### PROBLEM DETAILS
Using the data below, copy each line that includes the word "section".

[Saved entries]
(* Let $d=m=1$, $n=0$ (state space $\mathbb R_+$), let $\mu=\sum_{n=1}^\infty n^{-2}\delta_n$ (with $\delta_n$ the Dirac measure at $n$), and $\beta_1=\int_0^\infty h(\xi)\,\mu(d\xi)=\sum_{n\ge1}n^{-2}$. Then the parameters $\alpha=(0,0)$, $\beta=(0,\beta_1)$, $\gamma=(0,0)$, $\kappa=(0,\mu)$ are admissible, the associated stochastically continuous affine process satisfies $\int_0^\infty(|\xi|\wedge|\xi|^2)\,\mu(d\xi)=\infty$, and yet it is conservative. In fact $R_0\equiv0$, $R_1(u)=\sum_{n\ge1}(e^{un}-1)/n^2$ for $u\le0$, and $\int_{-1}^{0-}\frac{du}{R_1(u)}=-\infty$.
   Context: For $d=1$, $m=1$: truncation function $h(\xi)=(1\wedge|\xi|)\xi/|\xi|$ for $\xi\ne0$. Admissible parameters $(\alpha,\beta,\gamma,\kappa)$ here consist of $\alpha_0,\alpha_1\ge0$, $\beta_0,\beta_1\in\mathbb R$ with $\beta_0-\int h\,d\kappa_0\ge0$ (and $\int |h|\,d\kappa_0<\infty$), $\gamma_0,\gamma_1\ge0$, and Borel measures $\kappa_0,\kappa_1$ on $(0,\infty)$ with $\int |h|^2 d\kappa_j<\infty$; $R_i(u)=\frac12\alpha_iu^2+\beta_iu-\gamma_i+\int(e^{u\xi}-1-uh(\xi))\kappa_i(d\xi)$. Each admissible parameter set determines a unique stochastically continuous affine Markov process $(X,\mathbb P_x)_{x\in\mathbb R_+}$ (possibly killed, with values in $\mathbb R_+\cup\{\Delta\}$) whose transition function satisfies $\int e^{u\xi}p_t(x,d\xi)=\exp(\psi_0(t,u)+\psi(t,u)x)$ with $\partial_t\psi=R_1(\psi)$, $\psi(0,u)=u$, $\partial_t\psi_0=R_0(\psi)$, $\psi_0(0,u)=0$. The process is conservative if $p_t(x,\mathbb R_+)=1$ for all $t,x$. *)

theory Defs
  imports "HOL-Analysis.Analysis"
begin

definition h :: "real \<Rightarrow> real" where
  "h \<xi> = min 1 \<bar>\<xi>\<bar> * sgn \<xi>"

definition admissible ::
  "real \<Rightarrow> real \<Rightarrow> real \<Rightarrow> real \<Rightarrow> real \<Rightarrow> real \<Rightarrow> real measure \<Rightarrow> real measure \<Rightarrow> bool" where
  "admissible \<alpha>0 \<alpha>1 \<beta>0 \<beta>1 \<gamma>0 \<gamma>1 \<kappa>0 \<kappa>1 \<longleftrightarrow>
     \<alpha>0 \<ge> 0 \<and> \<alpha>1 \<ge> 0 \<and> \<gamma>0 \<ge> 0 \<and> \<gamma>1 \<ge> 0 \<and>
     (\<forall>\<kappa> \<in> {\<kappa>0, \<kappa>1}. sets \<kappa> = sets borel \<and> emeasure \<kappa> (UNIV - {0<..}) = 0 \<and>
        (\<integral>\<^sup>+\<xi>. ennreal ((h \<xi>)\<^sup>2) \<partial>\<kappa>) < \<infinity>) \<and>
     (\<integral>\<^sup>+\<xi>. ennreal \<bar>h \<xi>\<bar> \<partial>\<kappa>0) < \<infinity> \<and>
     \<beta>0 - (\<integral>\<xi>. h \<xi> \<partial>\<kappa>0) \<ge> 0"

definition R :: "real \<Rightarrow> real \<Rightarrow> real \<Rightarrow> real measure \<Rightarrow> real \<Rightarrow> real" where
  "R \<alpha> \<beta> \<gamma> \<kappa> u = \<alpha> / 2 * u\<^sup>2 + \<beta> * u - \<gamma> + (\<integral>\<xi>. exp (u * \<xi>) - 1 - u * h \<xi> \<partial>\<kappa>)"

text \<open>p is a (sub-Markov, possibly killed) transition function on R_+ of the affine process
  with parameters (alpha, beta, gamma, kappa): p t x is a sub-probability measure on R_+
  (mass missing = killing), whose Laplace transform is exp(psi0(t,u) + psi(t,u) x) for u \<le> 0,
  where psi, psi0 solve the generalized Riccati equations.\<close>
definition affine_transition ::
  "real \<Rightarrow> real \<Rightarrow> real \<Rightarrow> real \<Rightarrow> real \<Rightarrow> real \<Rightarrow> real measure \<Rightarrow> real measure \<Rightarrow>
   (real \<Rightarrow> real \<Rightarrow> real measure) \<Rightarrow> (real \<Rightarrow> real \<Rightarrow> real) \<Rightarrow> (real \<Rightarrow> real \<Rightarrow> real) \<Rightarrow> bool" where
  "affine_transition \<alpha>0 \<alpha>1 \<beta>0 \<beta>1 \<gamma>0 \<gamma>1 \<kappa>0 \<kappa>1 p \<psi>0 \<psi> \<longleftrightarrow>
     (\<forall>u \<le> 0. \<psi> 0 u = u \<and> \<psi>0 0 u = 0 \<and>
        (\<forall>t \<ge> 0. ((\<lambda>s. \<psi> s u) has_real_derivative R \<alpha>1 \<beta>1 \<gamma>1 \<kappa>1 (\<psi> t u)) (at t within {0..}) \<and>
                  ((\<lambda>s. \<psi>0 s u) has_real_derivative R \<alpha>0 \<beta>0 \<gamma>0 \<kappa>0 (\<psi> t u)) (at t within {0..}))) \<and>
     (\<forall>t \<ge> 0. \<forall>x \<ge> 0.
        sets (p t x) = sets borel \<and> emeasure (p t x) (UNIV - {0..}) = 0 \<and> emeasure (p t x) UNIV \<le> 1 \<and>
        (\<forall>u \<le> 0. (\<integral>\<xi>. exp (u * \<xi>) \<partial>(p t x)) = exp (\<psi>0 t u + \<psi> t u * x)))"

definition conservative :: "(real \<Rightarrow> real \<Rightarrow> real measure) \<Rightarrow> bool" where
  "conservative p \<longleftrightarrow> (\<forall>t \<ge> 0. \<forall>x \<ge> 0. emeasure (p t x) {0..} = 1)"

text \<open>mu = sum_{n \<ge> 1} n^(-2) delta_n, as a Borel measure on the reals.\<close>
definition mu :: "real measure" where
  "mu = distr (density (count_space {1::nat..}) (\<lambda>n. ennreal (1 / (real n)\<^sup>2))) borel real"

definition beta1 :: real where
  "beta1 = (\<Sum>n. 1 / (real (Suc n))\<^sup>2)"

end

theory Submission
  imports Defs
begin

(*
  The proof rests on an
  Osgood-type estimate for R_1 near 0: with the log-Lipschitz modulus
  omega(x) = x (1 - ln x) one has  -3 omega(-u) <= R_1(u) < 0  for -1 <= u < 0.

  1. Integrals against mu are series over n >= 1; this gives the closed form of R_1,
     the admissibility of the parameters and the divergence of the moment integral.
  2. A splitting of the series at n ~ 1/|u| (harmonic head, inverse-square tail)
     yields the omega-bound for R_1, and uniform convergence gives its continuity.
  3. Two general facts about the modulus omega, whose reciprocal is not integrable at 0
     (ln (1 - ln x) is a primitive): any right-hand side F bounded below by -K omega
     forces the solution of phi' = F(phi), phi(0) = 0, phi <= 0 to vanish identically
     (Osgood uniqueness), and makes the integral of 1/F diverge at 0-.
  4. The total mass of p t x is exp (psi0 t 0 + psi t 0 x); since R_0 = 0 and psi(.,0)
     solves the Riccati equation with psi <= 0, uniqueness gives psi(.,0) = 0, hence
     conservativeness.
*)

section \<open>Integration against mu\<close>

lemma bij_Suc_atLeast1: "bij_betw Suc (UNIV::nat set) {1..}"
  by (rule bij_betw_imageI) (auto simp: image_iff Suc_le_eq gr0_conv_Suc)

lemma nn_integral_mu:
  assumes [measurable]: "g \<in> borel_measurable borel"
  shows "(\<integral>\<^sup>+x. g x \<partial>mu) = (\<Sum>n. ennreal (1 / (real (Suc n))\<^sup>2) * g (real (Suc n)))"
proof -
  have "(\<integral>\<^sup>+x. g x \<partial>mu) =
      (\<integral>\<^sup>+n. ennreal (1 / (real n)\<^sup>2) * g (real n) \<partial>count_space {1::nat..})"
    unfolding mu_def by (simp add: nn_integral_distr nn_integral_density)
  also have "\<dots> = (\<integral>\<^sup>+n. ennreal (1 / (real (Suc n))\<^sup>2) * g (real (Suc n)) \<partial>count_space UNIV)"
    using nn_integral_bij_count_space[OF bij_Suc_atLeast1,
        of "\<lambda>n. ennreal (1 / (real n)\<^sup>2) * g (real n)"] by simp
  finally show ?thesis by (simp add: nn_integral_count_space_nat)
qed

lemma integral_mu:
  fixes f :: "real \<Rightarrow> real"
  assumes [measurable]: "f \<in> borel_measurable borel"
    and abs_summable: "summable (\<lambda>n. \<bar>f (real (Suc n))\<bar> / (real (Suc n))\<^sup>2)"
  shows "integral\<^sup>L mu f = (\<Sum>n. f (real (Suc n)) / (real (Suc n))\<^sup>2)"
proof -
  let ?w = "\<lambda>n::nat. (1 / (real n)\<^sup>2) *\<^sub>R f (real n)"
  have "integral\<^sup>L mu f = integral\<^sup>L (count_space {1..}) ?w"
    unfolding mu_def by (simp add: integral_distr integral_density)
  also have "\<dots> = integral\<^sup>L (count_space UNIV) (\<lambda>n. ?w (Suc n))"
    using integral_bij_count_space[OF bij_Suc_atLeast1, of ?w] by simp
  also have "\<dots> = (\<Sum>n. ?w (Suc n))"
    by (rule integral_count_space_nat)
       (use abs_summable in \<open>simp add: integrable_count_space_nat_iff abs_mult\<close>)
  finally show ?thesis by simp
qed

lemma summable_inverse_Suc_squared: "summable (\<lambda>n. 1 / (real (Suc n))\<^sup>2)"
  using summable_Suc_iff[THEN iffD2, OF inverse_power_summable[of 2, where 'a=real]]
  by (simp add: inverse_eq_divide)

lemma h_measurable [measurable]: "h \<in> borel_measurable borel"
  unfolding h_def by measurable

lemma h_Suc: "h (real (Suc n)) = 1"
  unfolding h_def by simp

lemma integral_h_mu: "(\<integral>\<xi>. h \<xi> \<partial>mu) = beta1"
  unfolding beta1_def
  by (subst integral_mu) (use summable_inverse_Suc_squared in \<open>simp_all add: h_def\<close>)

lemma admissible_mu: "admissible 0 0 0 beta1 0 0 (null_measure borel) mu"
proof -
  have "real -` (UNIV - {0<..}) \<inter> {1::nat..} = {}" by auto
  then have support: "emeasure mu (UNIV - {0<..}) = 0"
    unfolding mu_def by (subst emeasure_distr) auto
  have "(\<integral>\<^sup>+\<xi>. ennreal ((h \<xi>)\<^sup>2) \<partial>mu) =
      (\<Sum>n. ennreal (1 / (real (Suc n))\<^sup>2) * ennreal ((h (real (Suc n)))\<^sup>2))"
    by (rule nn_integral_mu) measurable
  also have "\<dots> = (\<Sum>n. ennreal (1 / (real (Suc n))\<^sup>2))"
    by (simp only: h_Suc) simp
  also have "\<dots> = ennreal beta1"
    unfolding beta1_def by (rule suminf_ennreal2) (use summable_inverse_Suc_squared in auto)
  finally have square_h: "(\<integral>\<^sup>+\<xi>. ennreal ((h \<xi>)\<^sup>2) \<partial>mu) < \<infinity>"
    by simp
  have "sets mu = sets borel"
    unfolding mu_def by simp
  then show ?thesis
    unfolding admissible_def using support square_h integral_h_mu by simp
qed

text \<open>On the atoms min |xi| xi^2 = xi, so the moment integral is the harmonic series.\<close>
lemma nn_integral_mu_moment: "(\<integral>\<^sup>+\<xi>. ennreal (min \<bar>\<xi>\<bar> (\<xi>\<^sup>2)) \<partial>mu) = \<infinity>"
proof -
  have on_atoms: "ennreal (1 / (real (Suc n))\<^sup>2) * ennreal (min \<bar>real (Suc n)\<bar> ((real (Suc n))\<^sup>2))
      = ennreal (1 / real (Suc n))" for n
    by (simp add: ennreal_mult'[symmetric] power2_eq_square del: of_nat_Suc)
  have "\<not> summable (\<lambda>n. 1 / real (Suc n))"
    using not_summable_harmonic summable_Suc_iff[of "\<lambda>n. inverse (real n)"]
    by (simp add: inverse_eq_divide)
  then have diverges: "(\<Sum>n. ennreal (1 / real (Suc n))) = \<infinity>"
    using summable_suminf_not_top[of "\<lambda>n. 1 / real (Suc n)"] by fastforce
  have "(\<integral>\<^sup>+\<xi>. ennreal (min \<bar>\<xi>\<bar> (\<xi>\<^sup>2)) \<partial>mu) =
      (\<Sum>n. ennreal (1 / (real (Suc n))\<^sup>2) * ennreal (min \<bar>real (Suc n)\<bar> ((real (Suc n))\<^sup>2)))"
    by (rule nn_integral_mu) measurable
  also have "\<dots> = (\<Sum>n. ennreal (1 / real (Suc n)))"
    by (simp only: on_atoms)
  finally show ?thesis using diverges by simp
qed

section \<open>The function R_1 as a series\<close>

definition R1_series :: "real \<Rightarrow> real" where
  "R1_series u = (\<Sum>n. (exp (u * real (Suc n)) - 1) / (real (Suc n))\<^sup>2)"

lemma R1_term_bound:
  assumes "u \<le> 0"
  shows "norm ((exp (u * real (Suc n)) - 1) / (real (Suc n))\<^sup>2) \<le> 1 / (real (Suc n))\<^sup>2"
proof -
  have "exp (u * real (Suc n)) \<le> 1" using assms by (simp add: mult_nonpos_nonneg)
  then have "\<bar>exp (u * real (Suc n)) - 1\<bar> \<le> 1" using exp_gt_zero[of "u * real (Suc n)"] by linarith
  then show ?thesis by (simp add: divide_right_mono)
qed

lemma R1_series_summable:
  "u \<le> 0 \<Longrightarrow> summable (\<lambda>n. (exp (u * real (Suc n)) - 1) / (real (Suc n))\<^sup>2)"
  by (rule summable_comparison_test[OF _ summable_inverse_Suc_squared]) (use R1_term_bound in blast)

### ANSWER TO THIS PROBLEM
section \<open>Integration against mu\<close>
section \<open>The function R_1 as a series\<close>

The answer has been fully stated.